* _WORK INSTRUCTION_:
Find the line containing "proof (rule LIMSEQ_le)" in the entries below. Restate it and each line after it, word for word, up to and including the line containing "unfolding infdist_eq_setdist by".

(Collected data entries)
####################
(* Let $X$ be a real Hilbert space and $A,B$ nonempty closed convex subsets of $X$, and let $v$ be the displacement vector of $(A,B)$. Suppose there exist $e\in A\cap(B-v)$ and a continuous linear functional $x^*\in X^*$ with $\|x^*\|=1$ such that $$\inf x^*(B-v)=x^*(e)=\sup x^*(A)$$ and such that $x^*$ strongly exposes $A$ at $e$. Then the couple $(A,B)$ is regular.
   Context: $\mathrm{dist}(x,S)=\inf_{s\in S}\|x-s\|$, $\mathrm{dist}(S,T)=\inf_{s\in S}\mathrm{dist}(s,T)$. $v=P_{\overline{B-A}}(0)$, the metric projection of $0$ onto the closure of $B-A$. $E=\{a\in A:\mathrm{dist}(a,B)=\mathrm{dist}(A,B)\}$, $F=\{b\in B:\mathrm{dist}(b,A)=\mathrm{dist}(A,B)\}$. The couple $(A,B)$ (with $E,F$ nonempty) is regular if for each $\epsilon>0$ there is $\delta>0$ such that $\mathrm{dist}(x,E)\le\epsilon$ whenever $x\in X$ and $\max\{\mathrm{dist}(x,A),\mathrm{dist}(x,B-v)\}\le\delta$. A functional $f\in X^*\setminus\{0\}$ strongly exposes $A$ at $a\in A$ if $f(a)=\sup f(A)$ and every sequence $\{x_n\}\subset A$ with $\lim_n f(x_n)=\sup f(A)$ converges in norm to $a$. *)

theory Defs
  imports "HOL-Analysis.Analysis"
begin

definition set_dist :: "'a::metric_space set \<Rightarrow> 'a set \<Rightarrow> real" where
  "set_dist S T = (INF s\<in>S. infdist s T)"

definition minus_set :: "'a::real_normed_vector set \<Rightarrow> 'a set \<Rightarrow> 'a set" where
  "minus_set B A = {b - a | a b. a \<in> A \<and> b \<in> B}"

definition displacement :: "'a::real_inner set \<Rightarrow> 'a set \<Rightarrow> 'a" where
  "displacement A B = (THE v. v \<in> closure (minus_set B A) \<and>
                          (\<forall>w \<in> closure (minus_set B A). norm v \<le> norm w))"

definition nearest_A :: "'a::metric_space set \<Rightarrow> 'a set \<Rightarrow> 'a set" where
  "nearest_A A B = {a \<in> A. infdist a B = set_dist A B}"

definition nearest_B :: "'a::metric_space set \<Rightarrow> 'a set \<Rightarrow> 'a set" where
  "nearest_B A B = {b \<in> B. infdist b A = set_dist A B}"

definition regular_couple :: "'a::real_inner set \<Rightarrow> 'a set \<Rightarrow> bool" where
  "regular_couple A B \<longleftrightarrow> nearest_A A B \<noteq> {} \<and> nearest_B A B \<noteq> {} \<and>
     (\<forall>\<epsilon>>0. \<exists>\<delta>>0. \<forall>x. max (infdist x A) (infdist x ((\<lambda>b. b - displacement A B) ` B)) \<le> \<delta>
                      \<longrightarrow> infdist x (nearest_A A B) \<le> \<epsilon>)"

definition strongly_exposes :: "('a::real_normed_vector \<Rightarrow> real) \<Rightarrow> 'a set \<Rightarrow> 'a \<Rightarrow> bool" where
  "strongly_exposes f A a \<longleftrightarrow> bounded_linear f \<and> f \<noteq> (\<lambda>_. 0) \<and> a \<in> A \<and>
     (\<forall>x\<in>A. f x \<le> f a) \<and>
     (\<forall>xs. (\<forall>n. xs n \<in> A) \<and> (\<lambda>n. f (xs n)) \<longlonglongrightarrow> f a \<longrightarrow> xs \<longlonglongrightarrow> a)"

end

theory Submission
  imports Defs
begin

text \<open>
  The displacement vector v is the minimal-norm point of the closed convex set cl(B - A); it
  exists and is unique by the parallelogram law, and norm v is a lower bound for all distances
  between A and B. Hence e and e + v realise the distance of A and B, so they are nearest points.
  If x is within delta of both A and B - v, pick a in A and y in B - v near x. The functional
  is at least f e on B - v and is Lipschitz, so f a > f e - O(delta); strong exposure then forces
  a, and with it x, to be close to the nearest point e.
\<close>

lemma norm_diff_sq_midpoint:
  fixes x y :: "'a::real_inner"
  shows "norm (x - y)^2 = 2 * norm x^2 + 2 * norm y^2 - 4 * norm (midpoint x y)^2"
  by (simp add: midpoint_def power2_norm_eq_inner inner_simps inner_commute algebra_simps)

lemma convex_midpoint:
  fixes C :: "'a::real_vector set"
  assumes "convex C" "x \<in> C" "y \<in> C"
  shows "midpoint x y \<in> C"
  using convexD[OF assms, of "1/2" "1/2"] by (simp add: midpoint_def scaleR_right_distrib)

lemma convex_norm_diff_sq_le:
  fixes C :: "'a::real_inner set"
  assumes "convex C" "x \<in> C" "y \<in> C" "\<And>w. w \<in> C \<Longrightarrow> d \<le> norm w^2"
  shows "norm (x - y)^2 \<le> 2 * (norm x^2 - d) + 2 * (norm y^2 - d)"
  using assms(4)[OF convex_midpoint[OF assms(1-3)]] norm_diff_sq_midpoint[of x y]
  by (simp add: algebra_simps)

lemma minus_set_eq: "minus_set B A = (\<Union>b\<in>B. \<Union>a\<in>A. {b - a})"
  unfolding minus_set_def by blast

lemma set_dist_eq_setdist: "A \<noteq> {} \<Longrightarrow> set_dist A B = setdist A B"
  by (simp add: set_dist_def setdist_eq_infdist)

lemma infdist_ltE:
  assumes "A \<noteq> {}" "infdist x A < r"
  obtains a where "a \<in> A" "dist x a < r"
  using assms by (auto simp: infdist_notempty cINF_less_iff)

lemma min_norm_point_unique:
  fixes C :: "'a::real_inner set"
  assumes "convex C" "u \<in> C" "v \<in> C" "\<forall>w\<in>C. norm u \<le> norm w" "\<forall>w\<in>C. norm v \<le> norm w"
  shows "u = v"
proof -
  have "norm u = norm v" using assms(2-5) by (simp add: order_antisym)
  moreover have "norm u^2 \<le> norm w^2" if "w \<in> C" for w
    using assms(4) that by (simp add: power_mono)
  ultimately have "norm (u - v)^2 \<le> 0"
    using convex_norm_diff_sq_le[OF assms(1-3), of "norm u^2"] by simp
  then show ?thesis by simp
qed

lemma min_norm_point_exists:
  fixes C :: "'a::{real_inner,complete_space} set"
  assumes "closed C" "convex C" "C \<noteq> {}"
  obtains v where "v \<in> C" "\<forall>w\<in>C. norm v \<le> norm w"
proof -
  define d where "d = (INF w\<in>C. norm w^2)"
  have bdd: "bdd_below ((\<lambda>w. norm w^2) ` C)"
    by (rule bdd_belowI[of _ 0]) auto
  have d_le: "d \<le> norm w^2" if "w \<in> C" for w
    unfolding d_def using bdd that by (rule cINF_lower)
  have "\<exists>c\<in>C. norm c^2 < d + inverse (Suc n)" for n
    using cINF_less_iff[OF assms(3) bdd, of "d + inverse (Suc n)"] by (simp add: d_def)
  then obtain c where c_in: "\<And>n. c n \<in> C" and c_lt: "\<And>n. norm (c n)^2 < d + inverse (Suc n)"
    by metis
  have "Cauchy c"
  proof (rule CauchyI)
    fix \<epsilon> :: real assume "\<epsilon> > 0"
    then obtain N where N: "inverse (Suc N) < \<epsilon>^2 / 4"
      using reals_Archimedean[of "\<epsilon>^2 / 4"] by auto
    have "norm (c m - c n) < \<epsilon>" if "N \<le> m" "N \<le> n" for m n
    proof -
      have "inverse (Suc m) \<le> inverse (Suc N)" "inverse (Suc n) \<le> inverse (Suc N)"
        using that by (simp_all add: field_simps)
      moreover have "norm (c m - c n)^2 \<le> 2 * (norm (c m)^2 - d) + 2 * (norm (c n)^2 - d)"
        by (rule convex_norm_diff_sq_le) (use assms(2) c_in d_le in auto)
      ultimately have "norm (c m - c n)^2 < \<epsilon>^2"
        using c_lt[of m] c_lt[of n] N by argo
      then show ?thesis using \<open>\<epsilon> > 0\<close> by (simp add: power_less_imp_less_base)
    qed
    then show "\<exists>M. \<forall>m\<ge>M. \<forall>n\<ge>M. norm (c m - c n) < \<epsilon>" by blast
  qed
  then obtain v where lim: "c \<longlonglongrightarrow> v"
    using convergent_eq_Cauchy by blast
  have "v \<in> C"
    using closed_sequentially[OF assms(1) _ lim] c_in by blast
  moreover have "norm v^2 \<le> d"
  proof (rule LIMSEQ_le)
    show "(\<lambda>n. norm (c n)^2) \<longlonglongrightarrow> norm v^2" by (intro tendsto_intros lim)
    show "(\<lambda>n. d + inverse (Suc n)) \<longlonglongrightarrow> d" by (rule LIMSEQ_inverse_real_of_nat_add)
    show "\<exists>N. \<forall>n\<ge>N. norm (c n)^2 \<le> d + inverse (Suc n)" using c_lt less_imp_le by blast
  qed
  then have "\<forall>w\<in>C. norm v \<le> norm w"
    using d_le by (meson order_trans power2_le_imp_le norm_ge_zero)
  ultimately show ?thesis by (rule that)
qed

lemma displacement_le_dist:
  fixes A B :: "'a::{real_inner,complete_space} set"
  assumes "convex A" "convex B" "a \<in> A" "b \<in> B"
  shows "norm (displacement A B) \<le> dist a b"
proof -
  let ?C = "closure (minus_set B A)"
  have "convex ?C"
    using convex_differences[OF assms(2,1)] by (simp add: minus_set_eq convex_closure)
  have "b - a \<in> minus_set B A"
    using assms(3,4) unfolding minus_set_def by blast
  then have ba: "b - a \<in> ?C"
    using closure_subset by blast
  then have "?C \<noteq> {}"
    by auto
  then obtain v where v: "v \<in> ?C" "\<forall>w\<in>?C. norm v \<le> norm w"
    by (rule min_norm_point_exists[OF closed_closure \<open>convex ?C\<close>])
  have "displacement A B = v"
    unfolding displacement_def
  proof (rule the_equality)
    show "v \<in> ?C \<and> (\<forall>w\<in>?C. norm v \<le> norm w)" using v by blast
    show "u = v" if "u \<in> ?C \<and> (\<forall>w\<in>?C. norm u \<le> norm w)" for u
      using min_norm_point_unique[OF \<open>convex ?C\<close>, of u v] that v by simp
  qed
  moreover have "norm v \<le> norm (b - a)"
    using v(2) ba by blast
  ultimately show ?thesis
    by (simp add: dist_norm norm_minus_commute)
qed

lemma closest_pair_nearest:
  fixes A B :: "'a::metric_space set"
  assumes "a \<in> A" "b \<in> B" "\<And>x y. x \<in> A \<Longrightarrow> y \<in> B \<Longrightarrow> dist a b \<le> dist x y"
  shows "a \<in> nearest_A A B" "b \<in> nearest_B A B"
proof -
  have "set_dist A B = setdist A B"
    using assms(1) set_dist_eq_setdist by blast
  also have "\<dots> = dist a b"
    by (rule setdist_unique) (use assms in blast)+
  finally have "set_dist A B = dist a b" .
  moreover have "infdist a B = dist a b"
    unfolding infdist_eq_setdist by (rule setdist_unique) (use assms in blast)+
  moreover have "infdist b A = dist b a"
    unfolding infdist_eq_setdist
    by (rule setdist_unique) (use assms in \<open>auto simp: dist_commute\<close>)
  ultimately show "a \<in> nearest_A A B" "b \<in> nearest_B A B"
    using assms(1,2) by (simp_all add: nearest_A_def nearest_B_def dist_commute)
qed

lemma strongly_exposes_uniformly:
  assumes "strongly_exposes f A e" "\<epsilon> > 0"
  obtains \<eta> where "\<eta> > 0" "\<And>a. a \<in> A \<Longrightarrow> f e - \<eta> < f a \<Longrightarrow> dist a e < \<epsilon>"
proof (rule ccontr)
  assume "\<not> thesis"
  then have "\<exists>a\<in>A. f e - inverse (Suc n) < f a \<and> \<epsilon> \<le> dist a e" for n
    using that[of "inverse (Suc n)"] by force
  then obtain xs where xs_in: "\<And>n. xs n \<in> A"
    and xs_f: "\<And>n. f e - inverse (Suc n) < f (xs n)" and xs_far: "\<And>n. \<epsilon> \<le> dist (xs n) e"
    by metis
  have "(\<lambda>n. f (xs n)) \<longlonglongrightarrow> f e"
  proof (rule tendsto_sandwich)
    show "\<forall>\<^sub>F n in sequentially. f e + - inverse (Suc n) \<le> f (xs n)"
      using xs_f by (simp add: less_imp_le)
    show "\<forall>\<^sub>F n in sequentially. f (xs n) \<le> f e"
      using assms(1) xs_in by (simp add: strongly_exposes_def)
    show "(\<lambda>n. f e + - inverse (Suc n)) \<longlonglongrightarrow> f e"
      by (rule LIMSEQ_inverse_real_of_nat_add_minus)
  qed simp
  then have "xs \<longlonglongrightarrow> e"
    using assms(1) xs_in by (simp add: strongly_exposes_def)
  then obtain n where "dist (xs n) e < \<epsilon>"
    using assms(2) lim_sequentially by blast
  then show False using xs_far[of n] by simp
qed

lemma close_to_both_imp_close_to_exposed_point:
  fixes f :: "'a::real_normed_vector \<Rightarrow> real"
  assumes exp: "strongly_exposes f A e" and "D \<noteq> {}" "\<forall>y\<in>D. f e \<le> f y" "\<epsilon> > 0"
  obtains \<delta> where "\<delta> > 0" "\<And>x. max (infdist x A) (infdist x D) \<le> \<delta> \<Longrightarrow> dist x e \<le> \<epsilon>"
proof -
  obtain K where K: "K > 0" "\<And>x. \<bar>f x\<bar> \<le> norm x * K"
    using exp bounded_linear.pos_bounded[of f] by (auto simp: strongly_exposes_def)
  obtain \<eta> where \<eta>: "\<eta> > 0" "\<And>a. a \<in> A \<Longrightarrow> f e - \<eta> < f a \<Longrightarrow> dist a e < \<epsilon> / 2"
    using strongly_exposes_uniformly[OF exp, of "\<epsilon> / 2"] \<open>\<epsilon> > 0\<close> by auto
  define \<delta> where "\<delta> = min (\<epsilon> / 4) (\<eta> / (4 * K))"
  have "\<delta> > 0" using \<open>\<epsilon> > 0\<close> \<eta>(1) K(1) by (simp add: \<delta>_def)
  moreover have "dist x e \<le> \<epsilon>" if x: "max (infdist x A) (infdist x D) \<le> \<delta>" for x
  proof -
    have "A \<noteq> {}" using exp by (auto simp: strongly_exposes_def)
    then obtain a where a: "a \<in> A" "dist x a < 2 * \<delta>"
      by (rule infdist_ltE) (use x \<open>\<delta> > 0\<close> in auto)
    obtain y where y: "y \<in> D" "dist x y < 2 * \<delta>"
      using \<open>D \<noteq> {}\<close> by (rule infdist_ltE) (use x \<open>\<delta> > 0\<close> in auto)
    have "f e - f a \<le> f (y - a)"
      using assms(3) y(1) exp by (simp add: strongly_exposes_def linear_diff bounded_linear.linear)
    also have "\<dots> \<le> dist y a * K"
      using K(2)[of "y - a"] by (simp add: dist_norm)
    also have "\<dots> < 4 * \<delta> * K"
      using a(2) y(2) dist_triangle3[of y a x] K(1) by (simp add: mult_strict_right_mono)
    also have "\<dots> \<le> \<eta>"
      using K(1) pos_le_divide_eq[of "4 * K" \<delta> \<eta>] by (simp add: \<delta>_def mult_ac)
    finally have "dist a e < \<epsilon> / 2"
      using \<eta>(2) a(1) by simp
    then show ?thesis
      using a(2) dist_triangle[of x e a] by (simp add: \<delta>_def)
  qed
  ultimately show ?thesis using that by blast
qed

theorem proposition4p15:
  fixes A B :: "'a::{real_inner, complete_space} set"
    and f :: "'a \<Rightarrow> real" and e :: 'a
  assumes "A \<noteq> {}" "B \<noteq> {}" "closed A" "closed B" "convex A" "convex B"
    and "bounded_linear f" "onorm f = 1"
    and "e \<in> A \<inter> (\<lambda>b. b - displacement A B) ` B"
    and "\<forall>y \<in> (\<lambda>b. b - displacement A B) ` B. f e \<le> f y"
    and "\<forall>a \<in> A. f a \<le> f e"
    and "strongly_exposes f A e"
  shows "regular_couple A B"
proof -
  define v where "v = displacement A B"
  define D where "D = (\<lambda>b. b - v) ` B"
  obtain b where "b \<in> B" and e_eq: "e = b - v" and "e \<in> A"
    using assms(9) by (auto simp: v_def)
  have "dist e b \<le> dist x y" if "x \<in> A" "y \<in> B" for x y
    using displacement_le_dist[OF assms(5,6) that] by (simp add: e_eq dist_norm v_def)
  then have e_nearest: "e \<in> nearest_A A B" and b_nearest: "b \<in> nearest_B A B"
    using closest_pair_nearest[OF \<open>e \<in> A\<close> \<open>b \<in> B\<close>] by auto
  have D_ne: "D \<noteq> {}" and D_above: "\<forall>y\<in>D. f e \<le> f y"
    using assms(2,10) by (simp_all add: D_def v_def)
  have "\<exists>\<delta>>0. \<forall>x. max (infdist x A) (infdist x D) \<le> \<delta> \<longrightarrow> infdist x (nearest_A A B) \<le> \<epsilon>"
    if "\<epsilon> > 0" for \<epsilon>
  proof -
    obtain \<delta> where "\<delta> > 0" and "\<And>x. max (infdist x A) (infdist x D) \<le> \<delta> \<Longrightarrow> dist x e \<le> \<epsilon>"
      using close_to_both_imp_close_to_exposed_point[OF assms(12) D_ne D_above \<open>\<epsilon> > 0\<close>] by blast
    then show ?thesis
      using infdist_le2[OF e_nearest] by blast
  qed
  then show ?thesis
    using e_nearest b_nearest unfolding regular_couple_def D_def v_def by blast
qed

end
####################
* _THE ANSWER_:
  proof (rule LIMSEQ_le)
    show "(\<lambda>n. norm (c n)^2) \<longlonglongrightarrow> norm v^2" by (intro tendsto_intros lim)
    show "(\<lambda>n. d + inverse (Suc n)) \<longlonglongrightarrow> d" by (rule LIMSEQ_inverse_real_of_nat_add)
    show "\<exists>N. \<forall>n\<ge>N. norm (c n)^2 \<le> d + inverse (Suc n)" using c_lt less_imp_le by blast
  qed
  then have "\<forall>w\<in>C. norm v \<le> norm w"
    using d_le by (meson order_trans power2_le_imp_le norm_ge_zero)
  ultimately show ?thesis by (rule that)
qed

lemma displacement_le_dist:
  fixes A B :: "'a::{real_inner,complete_space} set"
  assumes "convex A" "convex B" "a \<in> A" "b \<in> B"
  shows "norm (displacement A B) \<le> dist a b"
proof -
  let ?C = "closure (minus_set B A)"
  have "convex ?C"
    using convex_differences[OF assms(2,1)] by (simp add: minus_set_eq convex_closure)
  have "b - a \<in> minus_set B A"
    using assms(3,4) unfolding minus_set_def by blast
  then have ba: "b - a \<in> ?C"
    using closure_subset by blast
  then have "?C \<noteq> {}"
    by auto
  then obtain v where v: "v \<in> ?C" "\<forall>w\<in>?C. norm v \<le> norm w"
    by (rule min_norm_point_exists[OF closed_closure \<open>convex ?C\<close>])
  have "displacement A B = v"
    unfolding displacement_def
  proof (rule the_equality)
    show "v \<in> ?C \<and> (\<forall>w\<in>?C. norm v \<le> norm w)" using v by blast
    show "u = v" if "u \<in> ?C \<and> (\<forall>w\<in>?C. norm u \<le> norm w)" for u
      using min_norm_point_unique[OF \<open>convex ?C\<close>, of u v] that v by simp
  qed
  moreover have "norm v \<le> norm (b - a)"
    using v(2) ba by blast
  ultimately show ?thesis
    by (simp add: dist_norm norm_minus_commute)
qed

lemma closest_pair_nearest:
  fixes A B :: "'a::metric_space set"
  assumes "a \<in> A" "b \<in> B" "\<And>x y. x \<in> A \<Longrightarrow> y \<in> B \<Longrightarrow> dist a b \<le> dist x y"
  shows "a \<in> nearest_A A B" "b \<in> nearest_B A B"
proof -
  have "set_dist A B = setdist A B"
    using assms(1) set_dist_eq_setdist by blast
  also have "\<dots> = dist a b"
    by (rule setdist_unique) (use assms in blast)+
  finally have "set_dist A B = dist a b" .
  moreover have "infdist a B = dist a b"
    unfolding infdist_eq_setdist by (rule setdist_unique) (use assms in blast)+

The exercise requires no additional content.